Dalam masalah waktu pelaksanaan niat ini, banyak ritual ibadah yang mempunyai dua permulaan , yaitu:
• Awal Haqiqi adalah permulaan suatu pekerjaan yang tidak didahului oleh apapun
• Awal Nisbi adalah permulaan yang masih didahului perkara lain
Contoh ibadah yang mempunyai dua awalan ini adalah tayamum, yang pertamakali harus dilakukan adalah niat yang bersamaan dengan memindah debu(awal haqiqi), juga harus niat berbarengan dengan awal mengusap debu dengan wajah (awal nisbi).

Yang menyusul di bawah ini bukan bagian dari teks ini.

(* For every positive integer $n$, $$\big((\mathrm{Id}\cdot\mu)\ast\delta\big)(n)=-\big(\mathrm{Id}\ast(\mu\delta)\big)(n),$$ where $\mathrm{Id}\cdot\mu$ is $n\mapsto n\mu(n)$ and $\mu\delta$ is the pointwise product.
   Context: The arithmetic derivative $\delta$ is defined by $\delta(p)=1$ for every prime $p$ and $\delta(mn)=m\delta(n)+n\delta(m)$ for all positive integers $m,n$; equivalently $\delta(1)=0$ and $\delta(n)=n\sum_{p^\alpha\| n}\alpha/p$. $\mathrm{Id}(n)=n$, $\mu$ is the Möbius function. The Dirichlet convolution is $(u\ast v)(n)=\sum_{d\mid n}u(d)v(n/d)$. *)

theory Defs
  imports "HOL-Computational_Algebra.Computational_Algebra"
begin

definition moebius_mu :: "nat \<Rightarrow> int" where
  "moebius_mu n = (if n = 0 \<or> \<not> squarefree n then 0
                   else (-1) ^ card (prime_factors n))"

(* arithmetic derivative: delta(n) = n * sum_{p^a || n} a/p ; delta(1) = 0; delta(0) = 0 by convention *)
definition arith_deriv :: "nat \<Rightarrow> int" where
  "arith_deriv n = (if n = 0 then 0 else
     int (\<Sum>p\<in>prime_factors n. multiplicity p n * (n div p)))"

definition dirichlet_conv :: "(nat \<Rightarrow> int) \<Rightarrow> (nat \<Rightarrow> int) \<Rightarrow> nat \<Rightarrow> int" where
  "dirichlet_conv u v n = (\<Sum>d | d dvd n. u d * v (n div d))"

end

theory Submission
  imports Defs
begin

text \<open>
  By the Leibniz rule, every factorisation \<open>n = d e\<close> gives \<open>\<delta>(n) = d \<delta>(e) + e \<delta>(d)\<close>.
  Multiplying by \<open>\<mu>(d)\<close> and summing over the divisors \<open>d\<close> of \<open>n\<close>, the two terms
  become the two convolutions of the theorem, while the left side becomes
  \<open>\<delta>(n) \<Sum>\<^sub>d\<^sub>|\<^sub>n \<mu>(d)\<close>, which vanishes: the Moebius sum is \<open>0\<close> for \<open>n > 1\<close>,
  and \<open>\<delta>(1) = 0\<close>.
\<close>

lemma dirichlet_conv_commute:
  assumes "n > 0"
  shows "dirichlet_conv u v n = dirichlet_conv v u n"
  unfolding dirichlet_conv_def
  by (rule sum.reindex_bij_witness[where i="\<lambda>d. n div d" and j="\<lambda>d. n div d"])
     (use assms in \<open>auto simp: div_div_eq_right mult.commute\<close>)

lemma arith_deriv_eq_sum_superset:
  assumes "a > 0" "finite S" "prime_factors a \<subseteq> S" "\<forall>p\<in>S. prime p"
  shows "arith_deriv a = int (\<Sum>p\<in>S. multiplicity p a * (a div p))"
proof -
  have "(\<Sum>p\<in>prime_factors a. multiplicity p a * (a div p))
      = (\<Sum>p\<in>S. multiplicity p a * (a div p))"
  proof (rule sum.mono_neutral_left)
    show "\<forall>p\<in>S - prime_factors a. multiplicity p a * (a div p) = 0"
    proof
      fix p assume "p \<in> S - prime_factors a"
      with assms have "\<not> p dvd a" using prime_factorsI[of a p] by auto
      then show "multiplicity p a * (a div p) = 0" by (simp add: not_dvd_imp_multiplicity_0)
    qed
  qed (use assms in auto)
  then show ?thesis using assms by (simp add: arith_deriv_def)
qed

lemma multiplicity_mult_div_prime:
  fixes a b p :: nat
  assumes "prime p"
  shows "multiplicity p a * (a * b div p) = b * (multiplicity p a * (a div p))"
proof (cases "p dvd a")
  case True
  then have "a * b div p = b * (a div p)" by (metis div_mult_swap mult.commute)
  then show ?thesis by simp
next
  case False
  then show ?thesis by (simp add: not_dvd_imp_multiplicity_0)
qed

lemma arith_deriv_mult:
  assumes "a > 0" "b > 0"
  shows "arith_deriv (a * b) = int a * arith_deriv b + int b * arith_deriv a"
proof -
  let ?S = "prime_factors a \<union> prime_factors b"
  let ?t = "\<lambda>c p. multiplicity p c * (c div p)"
  have primes: "\<forall>p\<in>?S. prime p" by auto
  have "arith_deriv (a * b) = int (\<Sum>p\<in>?S. ?t (a * b) p)"
    using arith_deriv_eq_sum_superset[of "a * b" ?S] assms primes
    by (simp add: prime_factors_product)
  also have "(\<Sum>p\<in>?S. ?t (a * b) p) = (\<Sum>p\<in>?S. b * ?t a p + a * ?t b p)"
  proof (rule sum.cong)
    fix p assume "p \<in> ?S"
    then have p: "prime p" by auto
    have "multiplicity p (a * b) = multiplicity p a + multiplicity p b"
      using assms p by (simp add: prime_elem_multiplicity_mult_distrib)
    moreover have "multiplicity p a * (a * b div p) = b * ?t a p"
      by (rule multiplicity_mult_div_prime[OF p])
    moreover have "multiplicity p b * (a * b div p) = a * ?t b p"
      using multiplicity_mult_div_prime[OF p, of b a] by (simp add: mult.commute)
    ultimately show "?t (a * b) p = b * ?t a p + a * ?t b p"
      by (simp only: add_mult_distrib)
  qed simp
  also have "\<dots> = b * (\<Sum>p\<in>?S. ?t a p) + a * (\<Sum>p\<in>?S. ?t b p)"
    by (simp add: sum.distrib sum_distrib_left)
  finally show ?thesis
    using arith_deriv_eq_sum_superset[of a ?S] arith_deriv_eq_sum_superset[of b ?S] assms primes
    by (simp add: algebra_simps)
qed

lemma prod_prime_factors_dvd:
  fixes n :: nat
  assumes "n > 0" "T \<subseteq> prime_factors n"
  shows "\<Prod>T dvd n"
proof -
  have "\<Prod>T dvd \<Prod>(prime_factors n)"
    using assms(2) by (intro prod_dvd_prod_subset) auto
  also have "\<dots> dvd (\<Prod>p\<in>prime_factors n. p ^ multiplicity p n)"
    by (intro prod_dvd_prod dvd_power) (auto simp: prime_factors_multiplicity)
  also have "\<dots> = n"
    using assms(1) by (simp add: prod_prime_factors)
  finally show ?thesis .
qed

lemma
  fixes T :: "nat set"
  assumes "finite T" "\<forall>p\<in>T. prime p"
  shows prime_factors_prod_primes: "prime_factors (\<Prod>T) = T"
    and squarefree_prod_primes: "squarefree (\<Prod>T)"
    and moebius_mu_prod_primes: "moebius_mu (\<Prod>T) = (-1) ^ card T"
proof -
  have "0 \<notin> id ` T" using assms by auto
  from prime_factors_prod[OF assms(1) this] assms
  show pf: "prime_factors (\<Prod>T) = T" by (simp add: prime_prime_factors)
  show sf: "squarefree (\<Prod>T)"
    using assms by (intro squarefree_prod_coprime[where f=id, simplified])
                   (auto simp: primes_coprime squarefree_prime)
  have "\<Prod>T \<noteq> 0" using assms by auto
  with pf sf show "moebius_mu (\<Prod>T) = (-1) ^ card T"
    by (simp add: moebius_mu_def)
qed

lemma prod_prime_factors_squarefree:
  fixes d :: nat
  assumes "d > 0" "squarefree d"
  shows "\<Prod>(prime_factors d) = d"
proof -
  have "\<Prod>(prime_factors d) = (\<Prod>p\<in>prime_factors d. p ^ multiplicity p d)"
    using assms squarefree_factorial_semiring'[of d] by (intro prod.cong) auto
  also have "\<dots> = d" using assms by (simp add: prod_prime_factors)
  finally show ?thesis .
qed

text \<open>The squarefree divisors of \<open>n\<close> correspond to the subsets of its prime factors.\<close>

lemma sum_moebius_mu_divisors:
  fixes n :: nat
  assumes "n > 1"
  shows "(\<Sum>d | d dvd n. moebius_mu d) = 0"
proof -
  let ?P = "prime_factors n"
  let ?S = "{d. d dvd n \<and> squarefree d}"
  have "(\<Sum>d | d dvd n. moebius_mu d) = (\<Sum>d\<in>?S. moebius_mu d)"
    by (rule sum.mono_neutral_right) (use assms in \<open>auto simp: moebius_mu_def\<close>)
  also have "bij_betw Prod (Pow ?P) ?S"
  proof (rule bij_betw_byWitness[where f' = prime_factors])
    show "\<forall>T\<in>Pow ?P. prime_factors (\<Prod>T) = T"
      by (auto intro!: prime_factors_prod_primes intro: finite_subset)
    show "\<forall>d\<in>?S. \<Prod>(prime_factors d) = d"
      by (auto intro!: prod_prime_factors_squarefree intro: Nat.gr0I)
    show "Prod ` Pow ?P \<subseteq> ?S"
      using assms
      by (auto intro!: prod_prime_factors_dvd squarefree_prod_primes intro: finite_subset)
    show "prime_factors ` ?S \<subseteq> Pow ?P"
      using assms by (auto intro: dvd_prime_factors[THEN subsetD])
  qed
  then have "(\<Sum>d\<in>?S. moebius_mu d) = (\<Sum>T\<in>Pow ?P. moebius_mu (\<Prod>T))"
    by (simp add: sum.reindex_bij_betw)
  also have "\<dots> = (\<Sum>T\<in>Pow ?P. (-1) ^ card T)"
    by (intro sum.cong refl moebius_mu_prod_primes) (auto intro: finite_subset)
  also have "\<dots> = (\<Prod>p\<in>?P. (1::int) - 1)"
    using prod_diff_conv_sum[of ?P "\<lambda>_. 1::int" "\<lambda>_. 1"] by simp
  also have "\<dots> = 0"
  proof -
    obtain p where "prime p" "p dvd n" using assms prime_factor_nat[of n] by auto
    then have "p \<in> ?P" using assms by (auto intro: prime_factorsI)
    then show ?thesis by (metis diff_self prod_zero_iff finite_set_mset)
  qed
  finally show ?thesis .
qed

theorem corollary2p6:
  fixes n :: nat
  assumes "n > 0"
  shows "dirichlet_conv (\<lambda>k. int k * moebius_mu k) arith_deriv n
       = - dirichlet_conv (\<lambda>k. int k) (\<lambda>k. moebius_mu k * arith_deriv k) n"
proof -
  have "dirichlet_conv (\<lambda>k. int k * moebius_mu k) arith_deriv n
      + dirichlet_conv (\<lambda>k. moebius_mu k * arith_deriv k) (\<lambda>k. int k) n
      = (\<Sum>d | d dvd n. moebius_mu d * arith_deriv n)"
    unfolding dirichlet_conv_def sum.distrib[symmetric]
  proof (rule sum.cong)
    fix d assume "d \<in> {d. d dvd n}"
    then have "n = d * (n div d)" "d > 0" "n div d > 0"
      using assms by (auto simp: dvd_div_eq_0_iff intro!: Nat.gr0I)
    then show "int d * moebius_mu d * arith_deriv (n div d)
        + moebius_mu d * arith_deriv d * int (n div d) = moebius_mu d * arith_deriv n"
      using arith_deriv_mult[of d "n div d"] by (simp add: algebra_simps)
  qed simp
  also have "\<dots> = arith_deriv n * (\<Sum>d | d dvd n. moebius_mu d)"
    by (simp add: sum_distrib_left mult.commute)
  also have "\<dots> = 0"
  proof (cases "n = 1")
    case True
    then show ?thesis by (simp add: arith_deriv_def)
  next
    case False
    with assms sum_moebius_mu_divisors[of n] show ?thesis by simp
  qed
  finally show ?thesis
    using dirichlet_conv_commute[OF assms, of "\<lambda>k. int k"] by simp
qed

end
(* Let $T_0$ and $T_0^+$ be the theories described in the context. Then: (1) If $M$ is a model of $T_0^+$, then $Q_0^M$, $Q_1^M$ and $Q_2^M$ are all non-empty, and $F_0^M$ and $F_3^M$ are onto (onto $Q_0^M$). (2) Every model $M$ of $T_0$ in which $Q_0^M\neq\emptyset$ and $Q_2^M\neq\emptyset$ and in which $F_0^M$ and $F_3^M$ are onto $Q_0^M$ can be extended to a model of $T_0^+$ with the same universe (i.e. by extending the partial functions); and every model of $T_0^+$ is a model of $T_0$. (3) There are models $M$ of $T_0$ with $Q_0^M\neq\emptyset$, $Q_2^M\neq\emptyset$ and $F_3^M$ onto $Q_0^M$ which cannot be extended to a model of $T_0^+$ with the same universe. (4) Every model of $T_0$ is a submodel of a model of $T_0^+$. (5) $T_0^+$ has the amalgamation property and the joint embedding property.
   Context: The language consists of unary predicates $Q_0,Q_1,Q_2$ and function symbols $F_0,F_1,F_2,F_3$ ($F_1$ two-place, the others one-place), interpreted as possibly partial functions. $T_0$ is the (incomplete) theory saying: (i) $Q_0,Q_1,Q_2$ partition the universe; (ii) $F_0$ is a partial function from $Q_1$ to $Q_0$; (iii) $F_1$ is a partial two-place function from $Q_2\times Q_0$ to $Q_1$; (iv) $F_2$ is a partial function from $Q_0$ to $Q_2$; (v) $F_3$ is a partial function from $Q_2$ to $Q_0$; (vi) $F_0(F_1(z,x))=x$ for all $(z,x)$ in the domain of $F_1$; (vii) $F_3(F_2(x))=x$ for all $x$ (in the domain of $F_2$). $T_0^+$ is like $T_0$ but additionally requires $F_0,F_1,F_2,F_3$ to be total on $Q_1$, $Q_2\times Q_0$, $Q_0$, $Q_2$ respectively. Submodel convention: $M$ is a submodel of $N$ if $|M|\subseteq|N|$, $Q_i^M=Q_i^N\cap|M|$, and each partial function of $N$ extends the corresponding partial function of $M$ (the fact that a function is undefined at some argument in $M$ need not be preserved in $N$). *)

theory Defs
  imports Main
begin

record 'a str =
  univ :: "'a set"
  Q0 :: "'a set"
  Q1 :: "'a set"
  Q2 :: "'a set"
  F0 :: "'a \<Rightarrow> 'a option"
  F1 :: "'a \<Rightarrow> 'a \<Rightarrow> 'a option"
  F2 :: "'a \<Rightarrow> 'a option"
  F3 :: "'a \<Rightarrow> 'a option"

definition T0 :: "'a str \<Rightarrow> bool" where
  "T0 M \<longleftrightarrow>
     univ M \<noteq> {} \<and>
     Q0 M \<union> Q1 M \<union> Q2 M = univ M \<and>
     Q0 M \<inter> Q1 M = {} \<and> Q0 M \<inter> Q2 M = {} \<and> Q1 M \<inter> Q2 M = {} \<and>
     (\<forall>x y. F0 M x = Some y \<longrightarrow> x \<in> Q1 M \<and> y \<in> Q0 M) \<and>
     (\<forall>z x y. F1 M z x = Some y \<longrightarrow> z \<in> Q2 M \<and> x \<in> Q0 M \<and> y \<in> Q1 M) \<and>
     (\<forall>x y. F2 M x = Some y \<longrightarrow> x \<in> Q0 M \<and> y \<in> Q2 M) \<and>
     (\<forall>x y. F3 M x = Some y \<longrightarrow> x \<in> Q2 M \<and> y \<in> Q0 M) \<and>
     (\<forall>z x y. F1 M z x = Some y \<longrightarrow> F0 M y = Some x) \<and>
     (\<forall>x z. F2 M x = Some z \<longrightarrow> F3 M z = Some x)"

definition T0plus :: "'a str \<Rightarrow> bool" where
  "T0plus M \<longleftrightarrow> T0 M \<and>
     (\<forall>y\<in>Q1 M. F0 M y \<noteq> None) \<and>
     (\<forall>z\<in>Q2 M. \<forall>x\<in>Q0 M. F1 M z x \<noteq> None) \<and>
     (\<forall>x\<in>Q0 M. F2 M x \<noteq> None) \<and>
     (\<forall>z\<in>Q2 M. F3 M z \<noteq> None)"

definition onto_F0 :: "'a str \<Rightarrow> bool" where
  "onto_F0 M \<longleftrightarrow> (\<forall>x\<in>Q0 M. \<exists>y. F0 M y = Some x)"
(* Let $n,d,c\in\mathbb{N}$ with $d\ge 50$ and $1\le c\le d$, and let $\mathcal{F}\subseteq 2^{[n]}$ be a hereditary family with $\delta(\mathcal{F})\ge 2^{d-1}-c+1$. If $P\subseteq[n]$ is an isolated pile of $\mathcal{F}$, then $\sum_{x\in P}\omega_{\mathcal{F}}(x)\ge \mathfrak{B}_c\, d$.
   Context: A family $\mathcal{F}\subseteq 2^{[n]}$ is hereditary if $F'\subseteq F\in\mathcal{F}$ implies $F'\in\mathcal{F}$. $d_{\mathcal{F}}(x)=|\{F\in\mathcal{F}:x\in F\}|$, $\delta(\mathcal{F})=\min_x d_{\mathcal{F}}(x)$, $N(x)=\bigcup_{x\in F\in\mathcal{F}}F$. The weight of $x$ is $\omega_{\mathcal{F}}(x)=\sum_{x\in F\in\mathcal{F}}\frac{1}{|F|}$. For $1\le c\le d$, $\mathfrak{B}_c=\frac{2^d-c}{d}$ if $1\le c\le d-1$ and $\mathfrak{B}_d=\frac{2^d-d-\frac12}{d}$. A set $P\subseteq[n]$ with $|P|=d$ is a pile of $\mathcal{F}$ if $P\subseteq N(y)$ for every $y\in P$, and there exists $z\in P$ with $N(z)=P$. A pile is isolated if it is disjoint from every other pile of $\mathcal{F}$. *)

theory Defs
  imports Complex_Main
begin

definition hereditary :: "nat set set \<Rightarrow> bool" where
  "hereditary \<F> \<longleftrightarrow> (\<forall>F\<in>\<F>. \<forall>F'. F' \<subseteq> F \<longrightarrow> F' \<in> \<F>)"

definition deg :: "nat set set \<Rightarrow> nat \<Rightarrow> nat" where
  "deg \<F> x = card {F\<in>\<F>. x \<in> F}"

definition min_deg :: "nat \<Rightarrow> nat set set \<Rightarrow> nat" where
  "min_deg n \<F> = Min (deg \<F> ` {1..n})"

definition nbhd :: "nat set set \<Rightarrow> nat \<Rightarrow> nat set" where
  "nbhd \<F> x = \<Union>{F\<in>\<F>. x \<in> F}"

definition weight :: "nat set set \<Rightarrow> nat \<Rightarrow> real" where
  "weight \<F> x = (\<Sum>F\<in>{F\<in>\<F>. x \<in> F}. 1 / real (card F))"

definition frakB :: "nat \<Rightarrow> nat \<Rightarrow> real" where
  "frakB d c = (if 1 \<le> c \<and> c \<le> d - 1 then (2 ^ d - real c) / real d
                else (2 ^ d - real d - 1/2) / real d)"

definition is_pile :: "nat \<Rightarrow> nat \<Rightarrow> nat set set \<Rightarrow> nat set \<Rightarrow> bool" where
  "is_pile n d \<F> P \<longleftrightarrow> P \<subseteq> {1..n} \<and> card P = d \<and>
     (\<forall>y\<in>P. P \<subseteq> nbhd \<F> y) \<and> (\<exists>z\<in>P. nbhd \<F> z = P)"

definition isolated_pile :: "nat \<Rightarrow> nat \<Rightarrow> nat set set \<Rightarrow> nat set \<Rightarrow> bool" where
  "isolated_pile n d \<F> P \<longleftrightarrow> is_pile n d \<F> P \<and>
     (\<forall>Q. is_pile n d \<F> Q \<and> Q \<noteq> P \<longrightarrow> P \<inter> Q = {})"

end

theory Submission
  imports Defs
begin
lemma prime_dvd_schemmel_totient:
  assumes "prime p" "p dvd schemmel_totient r m" "schemmel_totient r m \<noteq> 0"
    and "\<not> (p - r) dvd schemmel_totient r m"
  obtains f where "prime f" "r < f" "p dvd f - r" "f - r dvd schemmel_totient r m"
proof -
  have "\<exists>f\<in>prime_factors m.
      p dvd (if f \<le> r then 0 else f ^ (multiplicity f m - 1) * (f - r))"
    using assms(2)
    by (simp only: schemmel_totient_eq_prod[OF schemmel_totient_nonzero_imp_pos[OF assms(3)]]
        prime_dvd_prod_iff[OF finite_set_mset assms(1)])
  then obtain f where f: "f \<in> prime_factors m"
    and "p dvd (if f \<le> r then 0 else f ^ (multiplicity f m - 1) * (f - r))" ..
  moreover have "r < f" by (rule prime_factor_gt_if_schemmel_totient_nonzero[OF assms(3) f])
  ultimately have "p dvd f ^ (multiplicity f m - 1) \<or> p dvd f - r"
    using prime_dvd_mult_iff[OF assms(1)] by simp
  moreover have "f - r dvd schemmel_totient r m"
    using dvd_mult_right[OF schemmel_totient_factor_dvd[OF assms(3) f]] .
  moreover have "p = f" if "p dvd f ^ (multiplicity f m - 1)"
    using primes_dvd_imp_eq[OF assms(1) in_prime_factors_imp_prime[OF f]]
      prime_dvd_power[OF assms(1) that] .
  ultimately have "p dvd f - r" using assms(4) by auto
  show ?thesis
    by (rule that[OF in_prime_factors_imp_prime[OF f] \<open>r < f\<close> \<open>p dvd f - r\<close>
          \<open>f - r dvd schemmel_totient r m\<close>])
qed

lemma cong_1_if_prime_factors_cong_1:
  fixes Q q :: nat
  assumes "Q > 0" "\<And>g. g \<in> prime_factors Q \<Longrightarrow> [g = 1] (mod q)"
  shows "[Q = 1] (mod q)"
proof -
  have "Q = (\<Prod>g\<in>prime_factors Q. g ^ multiplicity g Q)"
    using prod_prime_factors[of Q] assms(1) by simp
  also have "[\<dots> = (\<Prod>g\<in>prime_factors Q. 1 ^ multiplicity g Q)] (mod q)"
    by (intro cong_prod cong_pow assms(2))
  finally show ?thesis by simp
qed

lemma prime_power_dvd_times_coprime_imp_le:
  fixes p t k X :: nat
  assumes "prime p" "p ^ t dvd p ^ k * X" "\<not> p dvd X"
  shows "t \<le> k"
proof -
  have "coprime (p ^ t) X"
    using assms(1,3) by (simp add: coprime_power_left_iff prime_imp_coprime)
  then have "p ^ t dvd p ^ k" using assms(2) coprime_dvd_mult_left_iff by blast
  then show ?thesis using power_dvd_imp_le prime_gt_1_nat assms(1) by blast
qed

lemma divisor_of_two_prime_powers_times_decompose:
  fixes p D R :: nat
  assumes p: "prime p" "odd p" and R: "odd R" "\<not> p dvd R"
    and D: "D \<noteq> 0" "D dvd 2 ^ \<alpha> * p ^ a * R"
  obtains t \<gamma> Q where "D = 2 ^ t * p ^ \<gamma> * Q" "t \<le> \<alpha>" "\<gamma> \<le> a"
    "Q dvd R" "odd Q" "\<not> p dvd Q"
proof -
  obtain P where P: "D = 2 ^ multiplicity 2 D * P" "odd P"
    using multiplicity_decompose'[OF D(1), of 2] by auto
  have "P \<noteq> 0" using P D(1) by (metis mult_0_right)
  then obtain Q where Q: "P = p ^ multiplicity p P * Q" "\<not> p dvd Q"
    using multiplicity_decompose'[of P p] p(1) not_prime_unit by blast
  define t \<gamma> where "t = multiplicity 2 D" and "\<gamma> = multiplicity p P"
  have D_eq: "D = 2 ^ t * p ^ \<gamma> * Q" using P Q by (simp add: t_def \<gamma>_def mult.assoc)
  have "odd Q" using P(2) Q(1) by (metis dvd_mult)
  have "p \<noteq> 2" using p(2) by auto
  then have "\<not> p dvd 2 ^ \<alpha>"
    using p(1) prime_dvd_power two_is_prime_nat primes_dvd_imp_eq by blast
  have "2 ^ t dvd 2 ^ \<alpha> * (p ^ a * R)"
    using D_eq D(2) by (metis dvd_mult2 dvd_trans dvd_triv_left mult.assoc)
  moreover have "\<not> 2 dvd p ^ a * R" using p(2) R(1) by simp
  ultimately have "t \<le> \<alpha>" by (intro prime_power_dvd_times_coprime_imp_le) auto
  have "p ^ \<gamma> dvd p ^ a * (2 ^ \<alpha> * R)"
    using D_eq D(2)
    by (metis dvd_mult dvd_mult2 dvd_trans dvd_triv_left mult.assoc mult.commute)
  moreover have "\<not> p dvd 2 ^ \<alpha> * R"
    using \<open>\<not> p dvd 2 ^ \<alpha>\<close> R(2) p(1) prime_dvd_mult_iff by blast
  ultimately have "\<gamma> \<le> a" using p(1) by (intro prime_power_dvd_times_coprime_imp_le)
  have "coprime Q (2 ^ \<alpha> * p ^ a)"
    using \<open>odd Q\<close> Q(2) p(1)
    by (simp add: coprime_commute[of Q] prime_imp_coprime coprime_power_left_iff)
  moreover have "Q dvd 2 ^ \<alpha> * p ^ a * R" using D_eq D(2) dvd_trans by fastforce
  ultimately have "Q dvd R" using coprime_dvd_mult_right_iff by blast
  show ?thesis using that D_eq \<open>t \<le> \<alpha>\<close> \<open>\<gamma> \<le> a\<close> \<open>Q dvd R\<close> \<open>odd Q\<close> Q(2) by blast
qed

5. Hal-hal yang membatalkan niat
Hal-hal yang membatalkan niat diantaranya:
a. Riddah atau Murtad; yaitu terputusnya agama islam seseorang, baik yang ditimbulkan dari i’tiqad (niat),ucapan atau perbuatan yang yang menyebabkannya kufur.
b. Berniat memutus atau tidak melanjutkan ibadah yang sedang dijalankan.
c. Niat mengganti atau memindah satu ibadah dengan ibadah yang lain
d. Ketidak mampuan orang yang berniat untuk melaksanakan ibadah yang diniati

6. Tata cara niat
Dalam pelaksanaanya, niat adalah suatu yang kondisional tergantung pada manwi (objek yang di niati). Jika kita mengerjakan wudhu, maka yang kita niati adalah menghilangkan ‘penghalang’ sholat seperti hadats. Lain lagi dengan sholat; dalam sholat yang di niati adalah melakukan beberapa pekerjaan dan ucapan tertentu yang di mulai dengantakbir dan di akhiri dengan salam.
Tata cara berniat ketika dikaitkan dengan masalah shalat itu berbeda-beda tergantung status shalat yang dikerjakan.
o Apabila yang dilakukan berstatus Fardlah maka ada 3 hal yang harus terpenuhi yaitu : Qashdul fiil, Ta’yin dan niat fardlu
o Apabila berstatus sunnah baik yang disandarkan pada waktu-waktu dan sebab tertentu maka ada 2 hal yang harus terpenuhi diantaranya : Qashdul fiil dan Ta’yin
o Apabila berstatus sunnah mutlak maka yang harus terpenuhi hanyalah Qashdul fiil

7. Syarat-syarat niat
Niat, seperti yang telah di paparkan di atas, pada dasarnya adalah ibadah yang tentunya mempunyai syarat-syarat tertentu.
Tanpa syarat-syarat itu, seorang tidak dapat di sebut berniat, Diantaranya:
a. Islam
b. Tamyiz (dapat membedakan baik dan buruk)
c. Mengetahui terhadap yang di niati (al-manwi)
d. Tidak adanya perkara yang menafikan niat
e. Adanya kemampuan terhadap yang diniati

8. Tujuan pelaksanaan niat
Tujuan niat mempunyai posisi yang sangat penting bila dikaitkan dengan beragam aktifitas manusia, antara lain:
a. Untuk membedakan aktifitas yang berstatus ibadah dan adat, contoh: mandi besar untuk menghilangkan jinabat dan mandi untuk membersihkan badan.
b. Untuk membedakan tingkatan-tingkatan ibadah, contoh: puasa dan sholat adakalanya yang wajib dan yang sunnah.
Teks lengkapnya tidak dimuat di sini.